So when you are breeding the birds do you have access to food in the breeding box all of the time? Also if you use a breeding box where you let them get used to each other do you need to have them separated like jojo67 does or can you just put them in and lock them in there for a while?


----------



## jojo67 (Jul 14, 2007)

Hi renee, i liked your wooden front nest boxes with the plans to go by i was going to make them, but this was a bit quicker. the different colours as you said makes it a bit easier for them to find.
i need some boxes for the small loft so i will attempt to make the wooden ones then, they look more natural looking.


----------



## jojo67 (Jul 14, 2007)

EgypSwiftLady said:


> Just had to pop in a say this is such a great discussion!
> I'm learning so much, jojo67 your loft is great!
> 
> Thank you all for sharing.


Thankyou swiftlady for your comment, there's a lot to learn and this pigeon talk is great for the advice and info.


----------



## jojo67 (Jul 14, 2007)

Birdmom4ever said:


> Beautiful nest boxes, Jojo! And everything is so clean. I really like the different colored nest fronts.

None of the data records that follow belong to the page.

lemma next_mean_potential:
  assumes "fst s = 0 \<longrightarrow> snd s = 0"
  shows "next_mean (\<lambda>s. real (fst s) * real (min (snd s) K)) s
    = real (fst s) * real (min (snd s) K) + (if snd s < K then lam * real (fst s) + lam * (1 - mu) else 0)
      - (mu - lam) * real (min (snd s) K)"
proof -
  obtain Q B where s: "s = (Q, B)" by (cases s)
  show ?thesis
  proof (cases Q)
    case 0
    then have "B = 0" using assms s by simp
    then show ?thesis using 0 s by (cases K) (simp_all add: next_mean_eq busy_step_def algebra_simps)
  next
    case (Suc m)
    then show ?thesis using s
      by (cases m; cases "B < K") (simp_all add: next_mean_eq busy_step_def algebra_simps min_def)
  qed
qed

lemma potential_telescope:
  "E (T + N) (\<lambda>s. real (fst s) * real (min (snd s) K))
     + (mu - lam) * (\<Sum>i<N. E (T + i) (\<lambda>s. real (min (snd s) K)))
   = E T (\<lambda>s. real (fst s) * real (min (snd s) K))
     + (\<Sum>i<N. E (T + i) (\<lambda>s. if snd s < K then lam * real (fst s) + lam * (1 - mu) else 0))"
proof (induction N)
  case 0
  then show ?case by simp
next
  case (Suc N)
  have "E (Suc (T + N)) (\<lambda>s. real (fst s) * real (min (snd s) K))
    = E (T + N) (\<lambda>s. real (fst s) * real (min (snd s) K) + (if snd s < K then lam * real (fst s) + lam * (1 - mu) else 0)
        - (mu - lam) * real (min (snd s) K))"
    unfolding E_Suc
    by (intro integral_cong_AE) (auto simp: AE_measure_pmf_iff next_mean_potential busy_chain_support)
  then show ?case using Suc by (simp add: algebra_simps)
qed

end

locale stable_link = link_rates +
  assumes stable: "0 < lam" "lam < mu" "mu < 1"
begin

text \<open>\<open>Q\<close> moves up with probability \<open>\<lambda>(1-\<mu>)\<close> and down with probability \<open>\<mu>(1-\<lambda>)\<close>, so
  started empty its tail is dominated by the geometric stationary tail.\<close>

definition tail_ratio :: real where
  "tail_ratio = lam * (1 - mu) / (mu * (1 - lam))"

lemma tail_ratio_nonneg: "0 \<le> tail_ratio"
  using stable unfolding tail_ratio_def by simp

lemma tail_ratio_less_1: "tail_ratio < 1"
  using stable unfolding tail_ratio_def by (simp add: divide_less_eq algebra_simps)

lemma queue_tail: "E t (\<lambda>s. of_bool (k \<le> fst s)) \<le> tail_ratio ^ k"
proof (induction t arbitrary: k)
  case 0
  then show ?case using tail_ratio_nonneg by (cases k) auto
next
  case (Suc t)
  show ?case
  proof (cases k)
    case 0
    then show ?thesis by simp
  next
    case (Suc j)
    define pp p0 pm where "pp = lam * (1 - mu)" and "p0 = lam * mu + (1 - lam) * (1 - mu)"
      and "pm = mu * (1 - lam)"
    have nonneg: "0 \<le> pp" "0 \<le> p0" "0 \<le> pm"
      using rates unfolding pp_def p0_def pm_def by simp_all
    have "E (Suc t) (\<lambda>s. of_bool (k \<le> fst s)) = E t (\<lambda>s. pp * of_bool (j \<le> fst s)
        + p0 * of_bool (Suc j \<le> fst s) + pm * of_bool (Suc (Suc j) \<le> fst s))"
      unfolding E_Suc Suc
      by (intro Bochner_Integration.integral_cong refl)
         (auto simp: next_mean_eq fst_busy_step le_diff_conv pp_def p0_def pm_def algebra_simps)
    also have "\<dots> = pp * E t (\<lambda>s. of_bool (j \<le> fst s)) + p0 * E t (\<lambda>s. of_bool (Suc j \<le> fst s))
        + pm * E t (\<lambda>s. of_bool (Suc (Suc j) \<le> fst s))"
      by simp
    also have "\<dots> \<le> pp * tail_ratio ^ j + p0 * tail_ratio ^ Suc j + pm * tail_ratio ^ Suc (Suc j)"
      by (intro add_mono mult_left_mono Suc.IH nonneg)
    also have "\<dots> = tail_ratio ^ Suc j * (pm + p0 + pp)"
    proof -
      have "pp = tail_ratio * pm" using stable unfolding tail_ratio_def pp_def pm_def by simp
      then show ?thesis by (simp add: algebra_simps)
    qed
    also have "pm + p0 + pp = 1"
      unfolding pm_def p0_def pp_def by (simp add: algebra_simps)
    finally show ?thesis using Suc by simp
  qed
qed
lemma flow_path_edges:
  assumes inj: "inj_on w {..N}" and i: "i < N"
    and q: "\<forall>l<length L. q l \<le> N \<and> L!l = w (q l)"
    and x: "(\<Sum>l<length L. x l) = 0"
  shows "flow x (path_edges w N, L) (w i) (w (Suc i)) = (\<Sum>l | l < length L \<and> i < q l. x l)"
    and "flow x (path_edges w N, L) (w (Suc i)) (w i) = - (\<Sum>l | l < length L \<and> i < q l. x l)"
proof -
  show "flow x (path_edges w N, L) (w i) (w (Suc i)) = (\<Sum>l | l < length L \<and> i < q l. x l)"
    unfolding flow_def side_path_edges(1)[OF inj i q] ..
  have "{l. l < length L \<and> q l \<le> i} = {..<length L} - {l. l < length L \<and> i < q l}" by auto
  then have "(\<Sum>l | l < length L \<and> q l \<le> i. x l) =
      (\<Sum>l<length L. x l) - (\<Sum>l | l < length L \<and> i < q l. x l)"
    by (simp add: sum_diff[of "{..<length L}"] subset_eq)
  then show "flow x (path_edges w N, L) (w (Suc i)) (w i) = - (\<Sum>l | l < length L \<and> i < q l. x l)"
    unfolding flow_def side_path_edges(2)[OF inj i q] using x by simp
qed

section \<open>Chain covers as leaf lists\<close>

lemma chain_cover_edges:
  assumes "chain_cover n x (E, L)"
  shows "E = path_edges (\<lambda>i. i) (n - 4)"
proof
  have tree: "is_tree {..<n - 3} E"
    and ch: "\<forall>i<n - 3. \<forall>j<n - 3. {i, j} \<in> E \<longleftrightarrow> i + 1 = j \<or> j + 1 = i"
    using assms unfolding chain_cover_def vertex_type_cover_def ntype_def by auto
  show "E \<subseteq> path_edges (\<lambda>i. i) (n - 4)"
  proof
    fix e assume "e \<in> E"
    then obtain a b where ab: "e = {a, b}" "a < n - 3" "b < n - 3"
      using tree unfolding is_tree_def lessThan_iff by blast
    then have "a + 1 = b \<or> b + 1 = a" using ch \<open>e \<in> E\<close> by blast
    then obtain i where "i < n - 4" "e = {i, Suc i}"
    proof
      assume "a + 1 = b"
      then show thesis using ab that[of a] by simp
    next
      assume "b + 1 = a"
      then show thesis using ab that[of b] by (simp add: insert_commute)
    qed
    then show "e \<in> path_edges (\<lambda>i. i) (n - 4)" by (auto simp: path_edges_def)
  qed
  show "path_edges (\<lambda>i. i) (n - 4) \<subseteq> E" using ch by (auto simp: path_edges_def)
qed

definition leaves_at :: "nat list \<Rightarrow> nat \<Rightarrow> nat set" where
  "leaves_at L j = {i. i < length L \<and> L!i = j}"

definition upper_sum :: "(nat \<Rightarrow> int) \<Rightarrow> nat list \<Rightarrow> nat \<Rightarrow> int" where
  "upper_sum x L j = (\<Sum>i | i < length L \<and> j \<le> L!i. x i)"

text \<open>A chain cover is encoded by the list L placing leaf i at vertex L!i of the path
  0 - 1 - ... - (n-4), with k the four-valent vertex; upper_sum x L j is the flow
  through the edge {j-1, j} towards j.\<close>

definition chain_leaves :: "nat \<Rightarrow> (nat \<Rightarrow> int) \<Rightarrow> nat list \<Rightarrow> nat \<Rightarrow> bool" where
  "chain_leaves n x L k \<longleftrightarrow> length L = n \<and> k \<le> n - 4 \<and> (\<forall>i<n. L!i \<le> n - 4) \<and>
     (\<forall>j\<le>n - 4. path_degree (n - 4) j + card (leaves_at L j) = (if j = k then 4 else 3)) \<and>
     (\<forall>j. 1 \<le> j \<and> j \<le> n - 4 \<longrightarrow> 0 < upper_sum x L j)"

lemma finite_leaves_at [simp]: "finite (leaves_at L j)"
  by (simp add: leaves_at_def)

lemma leaves_at_update:
  assumes "c < length L"
  shows "leaves_at (L[c := k]) j = (if j = k then insert c (leaves_at L j) else leaves_at L j - {c})"
  using assms by (auto simp: leaves_at_def nth_list_update)

lemma upper_sum_Suc: "upper_sum x L j = sum x (leaves_at L j) + upper_sum x L (Suc j)"
proof -
  have split: "{i. i < length L \<and> j \<le> L!i} = leaves_at L j \<union> {i. i < length L \<and> Suc j \<le> L!i}"
    by (auto simp: leaves_at_def)
  show ?thesis
    unfolding upper_sum_def split by (rule sum.union_disjoint) (auto simp: leaves_at_def)
qed

lemma upper_sum_move_up:
  assumes "c < length L" "L!c = k"
  shows "upper_sum x (L[c := Suc k]) j = upper_sum x L j + (if j = Suc k then x c else 0)"
proof -
  have "{i. i < length L \<and> j \<le> L[c := Suc k]!i} =
      (if j = Suc k then insert c {i. i < length L \<and> j \<le> L!i} else {i. i < length L \<and> j \<le> L!i})"
    using assms by (auto simp: nth_list_update)
  then show ?thesis using assms by (simp add: upper_sum_def)
qed

lemma upper_sum_move_down:
  assumes "a < length L" "L!a = Suc k"
  shows "upper_sum x (L[a := k]) j = upper_sum x L j - (if j = Suc k then x a else 0)"
proof -
  have "L[a := k, a := Suc k] = L" using assms by (metis list_update_id list_update_overwrite)
  then show ?thesis using upper_sum_move_up[of a "L[a := k]" k x j] assms by simp
qed

lemma chain_leavesD:
  assumes "chain_leaves n x L k"
  shows "length L = n" "k \<le> n - 4" "i < n \<Longrightarrow> L!i \<le> n - 4"
    and "j \<le> n - 4 \<Longrightarrow> path_degree (n - 4) j + card (leaves_at L j) = (if j = k then 4 else 3)"
    and "1 \<le> j \<Longrightarrow> j \<le> n - 4 \<Longrightarrow> 0 < upper_sum x L j"
  using assms by (auto simp: chain_leaves_def)

lemma chain_leaves_leaves_at_nonempty:
  assumes "chain_leaves n x L k" "j \<le> n - 4"
  shows "leaves_at L j \<noteq> {}"
  using chain_leavesD(4)[OF assms] by (auto simp: path_degree_def split: if_splits)

lemma chain_leaves_two_le_card:
  assumes "chain_leaves n x L k"
  shows "2 \<le> card (leaves_at L k)"
  using chain_leavesD(4)[OF assms chain_leavesD(2)[OF assms]]
  by (auto simp: path_degree_def split: if_splits)

lemma chain_leaves_upper_sum_nonneg:
  assumes "chain_leaves n x L k" and x: "(\<Sum>i<n. x i) = 0"
  shows "0 \<le> upper_sum x L j"
proof (cases "j = 0 \<or> n - 4 < j")
  case True
  moreover have "upper_sum x L 0 = 0"
    using x chain_leavesD(1)[OF assms(1)] by (simp add: upper_sum_def lessThan_def)
  moreover have "upper_sum x L j = 0" if "n - 4 < j"
    using that chain_leavesD(1,3)[OF assms(1)] by (fastforce simp: upper_sum_def intro: sum.neutral)
  ultimately show ?thesis by auto
next
  case False
  then have "0 < upper_sum x L j" using chain_leavesD(5)[OF assms(1), of j] by simp
  then show ?thesis by simp
qed

lemma chain_leaves_update:
  assumes L: "chain_leaves n x L k" and c: "c \<in> leaves_at L k" and k': "k' \<le> n - 4" "k' \<noteq> k"
    and pos: "\<forall>j. 1 \<le> j \<and> j \<le> n - 4 \<longrightarrow> 0 < upper_sum x (L[c := k']) j"
  shows "chain_leaves n x (L[c := k']) k'"
  unfolding chain_leaves_def
proof (intro conjI allI impI)
  have c_lt: "c < length L" using c by (simp add: leaves_at_def)
  fix j assume j: "j \<le> n - 4"
  have "c \<notin> leaves_at L j'" if "j' \<noteq> k" for j'
    using c that by (simp add: leaves_at_def)
  then have card_eq: "card (leaves_at (L[c := k']) j) =
      card (leaves_at L j) + (if j = k' then 1 else 0) - (if j = k then 1 else 0)"
    using c k' by (simp add: leaves_at_update[OF c_lt])
  have "1 \<le> card (leaves_at L k)"
    using c by (auto simp: Suc_le_eq card_gt_0_iff)
  then show "path_degree (n - 4) j + card (leaves_at (L[c := k']) j) = (if j = k' then 4 else 3)"
    using card_eq chain_leavesD(4)[OF L j] k' by (auto split: if_splits)
next
  fix i assume "i < n"
  then show "L[c := k'] ! i \<le> n - 4"
    using chain_leavesD(1,3)[OF L] k' by (cases "i = c") auto
qed (use L k' pos in \<open>auto simp: chain_leaves_def nth_list_update\<close>)

lemma chain_leaves_move_up:
  assumes L: "chain_leaves n x L k" and x: "(\<Sum>i<n. x i) = 0" and k: "k < n - 4"
    and c: "c \<in> leaves_at L k" and c_max: "\<forall>d\<in>leaves_at L k. x d \<le> x c"
  shows "chain_leaves n x (L[c := Suc k]) (Suc k)"
proof (rule chain_leaves_update[OF L c])
  have c_lt: "c < length L" "L!c = k" using c by (auto simp: leaves_at_def)
  have "0 < upper_sum x L (Suc k) + x c"
  proof (rule ccontr)
    assume "\<not> ?thesis"
    moreover have "0 < upper_sum x L (Suc k)" using chain_leavesD(5)[OF L] k by simp
    ultimately have neg: "x c < 0" "upper_sum x L (Suc k) + x c \<le> 0" by auto
    have "sum x (leaves_at L k) \<le> of_nat (card (leaves_at L k)) * x c"
      using sum_bounded_above[of "leaves_at L k" x "x c"] c_max by simp
    also have "\<dots> \<le> 2 * x c"
      using chain_leaves_two_le_card[OF L] neg(1) by (simp add: mult_right_mono_neg)
    finally have "upper_sum x L k < 0"
      using upper_sum_Suc[of x L k] neg by simp
    then show False using chain_leaves_upper_sum_nonneg[OF L x, of k] by simp
  qed
  then show "\<forall>j. 1 \<le> j \<and> j \<le> n - 4 \<longrightarrow> 0 < upper_sum x (L[c := Suc k]) j"
    using chain_leavesD(5)[OF L] by (simp add: upper_sum_move_up[OF c_lt])
qed (use k in auto)

lemma chain_leaves_move_down:
  assumes L: "chain_leaves n x L (Suc k)" and x: "(\<Sum>i<n. x i) = 0"
    and a: "a \<in> leaves_at L (Suc k)" and a_min: "\<forall>d\<in>leaves_at L (Suc k). x a \<le> x d"
  shows "chain_leaves n x (L[a := k]) k"
proof (rule chain_leaves_update[OF L a])
  have a_lt: "a < length L" "L!a = Suc k" using a by (auto simp: leaves_at_def)
  have k: "Suc k \<le> n - 4" using chain_leavesD(2)[OF L] .
  have "x a < upper_sum x L (Suc k)"
  proof (rule ccontr)
    assume "\<not> ?thesis"
    moreover have "0 < upper_sum x L (Suc k)" using chain_leavesD(5)[OF L] k by simp
    ultimately have pos: "0 < x a" "upper_sum x L (Suc k) \<le> x a" by auto
    have "2 * x a \<le> of_nat (card (leaves_at L (Suc k))) * x a"
      using chain_leaves_two_le_card[OF L] pos(1) by (simp add: mult_right_mono)
    also have "\<dots> \<le> sum x (leaves_at L (Suc k))"
      using sum_bounded_below[of "leaves_at L (Suc k)" "x a" x] a_min by simp
    finally have "2 * x a \<le> upper_sum x L (Suc k)"
      using upper_sum_Suc[of x L "Suc k"] chain_leaves_upper_sum_nonneg[OF L x, of "Suc (Suc k)"]
      by simp
    then show False using pos by simp
  qed
  then show "\<forall>j. 1 \<le> j \<and> j \<le> n - 4 \<longrightarrow> 0 < upper_sum x (L[a := k]) j"
    using chain_leavesD(5)[OF L] by (simp add: upper_sum_move_down[OF a_lt])
qed (use chain_leavesD(2)[OF L] in auto)

section \<open>Sorting the leaves\<close>

lemma ex_arg_max_if_finite:
  fixes f :: "'a \<Rightarrow> 'b::linorder"
  assumes "finite A" "A \<noteq> {}"
  shows "\<exists>a\<in>A. \<forall>b\<in>A. f b \<le> f a"
proof -
  have "Max (f ` A) \<in> f ` A" using assms by (intro Max_in) auto
  then obtain a where "a \<in> A" "Max (f ` A) = f a" by auto
  then show ?thesis using Max_ge[of "f ` A"] assms by auto
qed

lemma ex_arg_min_if_finite:
  fixes f :: "'a \<Rightarrow> 'b::linorder"
  assumes "finite A" "A \<noteq> {}"
  shows "\<exists>a\<in>A. \<forall>b\<in>A. f a \<le> f b"
proof -
  have "Min (f ` A) \<in> f ` A" using assms by (intro Min_in) auto
  then obtain a where "a \<in> A" "Min (f ` A) = f a" by auto
  then show ?thesis using Min_le[of "f ` A"] assms by auto
qed

text \<open>For leaves a, b < n, sort_key orders lexicographically by (x a, a).\<close>

definition sort_key :: "nat \<Rightarrow> (nat \<Rightarrow> int) \<Rightarrow> nat \<Rightarrow> int" where
  "sort_key n x l = x l * int n + int l"

definition inversions :: "nat \<Rightarrow> (nat \<Rightarrow> int) \<Rightarrow> nat list \<Rightarrow> (nat \<times> nat) set" where
  "inversions n x L = {(a, b). a < n \<and> b < n \<and> L!a < L!b \<and> sort_key n x b < sort_key n x a}"

lemma sort_key_less_of_less:
  assumes "x a < x b" "a < n"
  shows "sort_key n x a < sort_key n x b"
proof -
  have "(x a + 1) * int n \<le> x b * int n" using assms by (intro mult_right_mono) auto
  then show ?thesis using assms unfolding sort_key_def by (simp add: algebra_simps)
qed

lemma sort_key_le_imp_le:
  "sort_key n x a \<le> sort_key n x b \<Longrightarrow> b < n \<Longrightarrow> x a \<le> x b"
  using sort_key_less_of_less[of x b a n] by force

lemma sort_key_eq_iff:
  assumes "a < n" "b < n"
  shows "sort_key n x a = sort_key n x b \<longleftrightarrow> a = b"
proof
  assume eq: "sort_key n x a = sort_key n x b"
  then have "x a = x b" using sort_key_le_imp_le[of n x] assms by (metis order_refl order_antisym)
  then show "a = b" using eq by (simp add: sort_key_def)
qed simp

lemma finite_inversions: "finite (inversions n x L)"
  by (rule finite_subset[of _ "{..<n} \<times> {..<n}"]) (auto simp: inversions_def)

thankyou birdman4ever, they were easy to make and the colours brighting it up a bit. Its hard to keep it clean and i try not to disturb them too much.


----------



## MaryOfExeter (Sep 30, 2007)

zimmzimm3 said:


> Also if you use a breeding box where you let them get used to each other do you need to have them separated like jojo67 does or can you just put them in and lock them in there for a while?


Really the only problem with this, is that it is a small space...and...if you have two unmated birds in a small space without separation...you get fighting. Some males can get pretty aggressive and I don't think you'd want to risk having one or the other hurt. Just one wrong peck and you could have a hen with an eye injury!


----------



## jojo67 (Jul 14, 2007)

Lovebirds said:


> Very nice set up Jojo. The different color nest fronts are enough to let the birds learn where their box actually is. I've heard of the playing cards too. Just never tried it. I have the perches staggered in my breeding loft and in the widowhood loft, I have different color nest boxes. I've not any problems with either set up. As long as there some sort of difference in one box to the next, they figure it out.


The card thing is interesting maybe get the birds to breed a few aces


----------



## zimmzimm3 (Aug 17, 2007)

I was doing some research on stuff and nestboxes and I reread this thread and i was wondering if you have a box or cage with a divider to pair them then can you just take them out of the pairing box (after the divider has been removed and they have been pair) can you lock them in the nest box for a day or so then let them out? Will this work?


----------



## aussiegirl (Feb 24, 2008)

wow, i just spotted this thread. Excellent idea. As im just starting out ill go and build the same.
Thankyou for the tips and great pic
Helen


----------



## eric98223 (Aug 4, 2007)

my nest boxes are 14 1/4 by 28 1/2 so they can fit the standard plastic nest fronts and mine are open all the time as i do not practice selective breeding at this time. 
just my 2 cents
E..


renee, what do you use to feed your birds once they are locked in thier nest boxes? what kind of bowls?


----------